For all the sanctions on Iran, Tehran has secured willing customers for its crucial oil and gas exports in the world’s leading authoritarian and communist regimes: Venezuela and China. Caracas has taken a creative route, first paying gold for oil and then bartering its own heavy crude for Iranian gas condensates. Beijing, by contrast, pays cash straight up – $280 billion in 2019, followed by a deal worth $400 billion this year. Naturally, this illicit trade weakens efforts to compel Iran to moderate its destructive behavior and end its pursuit of nuclear weapons, potentially harming U.S. interests and national security.

By The Hill – Daniel Roth and Claire Jungman

Oct 19, 2021

Yet Iran’s success in courting Venezuela and China does not mean that U.S. sanctions have failed. Sanctions have forced the regime to trade with a few like-minded authoritarian regimes. And crucially, sanctions have forced Iran to go to extraordinary lengths to conceal its illicit shipping commerce: satellite tracking deceptions, doctoring of records, flag- and name-switching, physical camouflage, and a host of other maritime violations.

With a better understanding of the shipping subterfuge, the U.S. and its allies can make the whole rogue enterprise prohibitively costly for all parties, plugging enforcement gaps and truly squeezing Tehran.

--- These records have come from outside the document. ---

lemma log_sum_inequality:
  fixes a b :: "'i \<Rightarrow> real"
  assumes a: "\<And>i. 0 \<le> a i" and b: "\<And>i. 0 \<le> b i" and "0 \<le> A" "0 \<le> B"
    and A: "(\<integral>\<^sup>+ i. a i \<partial>count_space UNIV) = ennreal A"
    and B: "(\<integral>\<^sup>+ i. b i \<partial>count_space UNIV) = ennreal B"
  shows "gkl A B \<le> (\<integral>\<^sup>+ i. gkl (a i) (b i) \<partial>count_space UNIV)"
    (is "_ \<le> ?R")
proof -
  consider "A = 0" | "B = 0" "A \<noteq> 0" | "?R = \<top>" | "0 < A" "0 < B" "?R \<noteq> \<top>"
    using \<open>0 \<le> A\<close> \<open>0 \<le> B\<close> by force
  then show ?thesis
  proof cases
    case 1
    hence "\<forall>i. a i = 0" using A a by (simp add: nn_integral_0_iff_AE AE_count_space)
    thus ?thesis using 1 B by (simp add: gkl_def)
  next
    case 2
    hence "\<forall>i. b i = 0" using B b by (simp add: nn_integral_0_iff_AE AE_count_space)
    moreover obtain i where "a i \<noteq> 0" using 2 A \<open>0 \<le> A\<close> by force
    ultimately have "gkl (a i) (b i) = \<top>" by (simp add: gkl_def)
    thus ?thesis using nn_integral_ge_point[of i UNIV "\<lambda>i. gkl (a i) (b i)"] by (simp add: top_unique)
  next
    case 4
    moreover have "has_bochner_integral (count_space UNIV) a A"
      using a A \<open>0 \<le> A\<close> by (intro has_bochner_integral_nn_integral) auto
    moreover have "has_bochner_integral (count_space UNIV) b B"
      using b B \<open>0 \<le> B\<close> by (intro has_bochner_integral_nn_integral) auto
    ultimately show ?thesis using a b by (intro log_sum_inequality_pos)
  qed simp
qed

lemma nn_integral_count_space_swap:
  fixes f :: "'i \<Rightarrow> 'z \<Rightarrow> ennreal"
  shows "(\<integral>\<^sup>+ z. \<integral>\<^sup>+ i. f i z \<partial>count_space UNIV \<partial>count_space UNIV)
       = (\<integral>\<^sup>+ i. \<integral>\<^sup>+ z. f i z \<partial>count_space UNIV \<partial>count_space UNIV)"
  using nn_integral_snd_count_space[of "\<lambda>(i, z). f i z"]
    nn_integral_fst_count_space[of "\<lambda>(i, z). f i z"]
  by simp

lemma ennreal_pmf_bind_count_space:
  "ennreal (pmf (bind_pmf \<mu> K) y) = (\<integral>\<^sup>+ x. ennreal (pmf \<mu> x * pmf (K x) y) \<partial>count_space UNIV)"
  by (simp add: ennreal_pmf_bind nn_integral_measure_pmf ennreal_mult')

For instance, FELICITY was the first Iranian-flagged vessel to load Venezuelan crude, according to TankerTruckers.com. It reportedly journeyed to Venezuela’s Jose Anchorage using subversive and illegal techniques, including a shutdown of its tracking beacon. Before arriving in Venezuela, FELICITY was last seen via its satellite transponder 13 months prior in Taizhou Anchorage in China, according to Marine Traffic – meaning that the vessel sailed all the way to Venezuela with its transponder off. Disabling the transponder is a favored tactic to obscure the movement of goods, but it’s also a dangerous violation of International Maritime Organization safety rules. FELICITY even turned to more rudimentary methods to hide its activities – undergoing a fresh paint job in Venezuela.

Vessels moving Iranian oil carry falsified records that attest to their cargo originating in countries such as Oman, the United Arab Emirates (UAE), Iraq and Malaysia. By engaging in ship-to-ship (STS) transfers of oil from Iranian-flagged vessels to tankers owned by non-Iranian firms, Iran can obscure the origin of the oil and gas, as well as the trade itself for its customers. STS transfers are often preceded by vessels “spoofing” their location to fake their position, sometimes by thousands of nautical miles, creating yet another dangerous situation.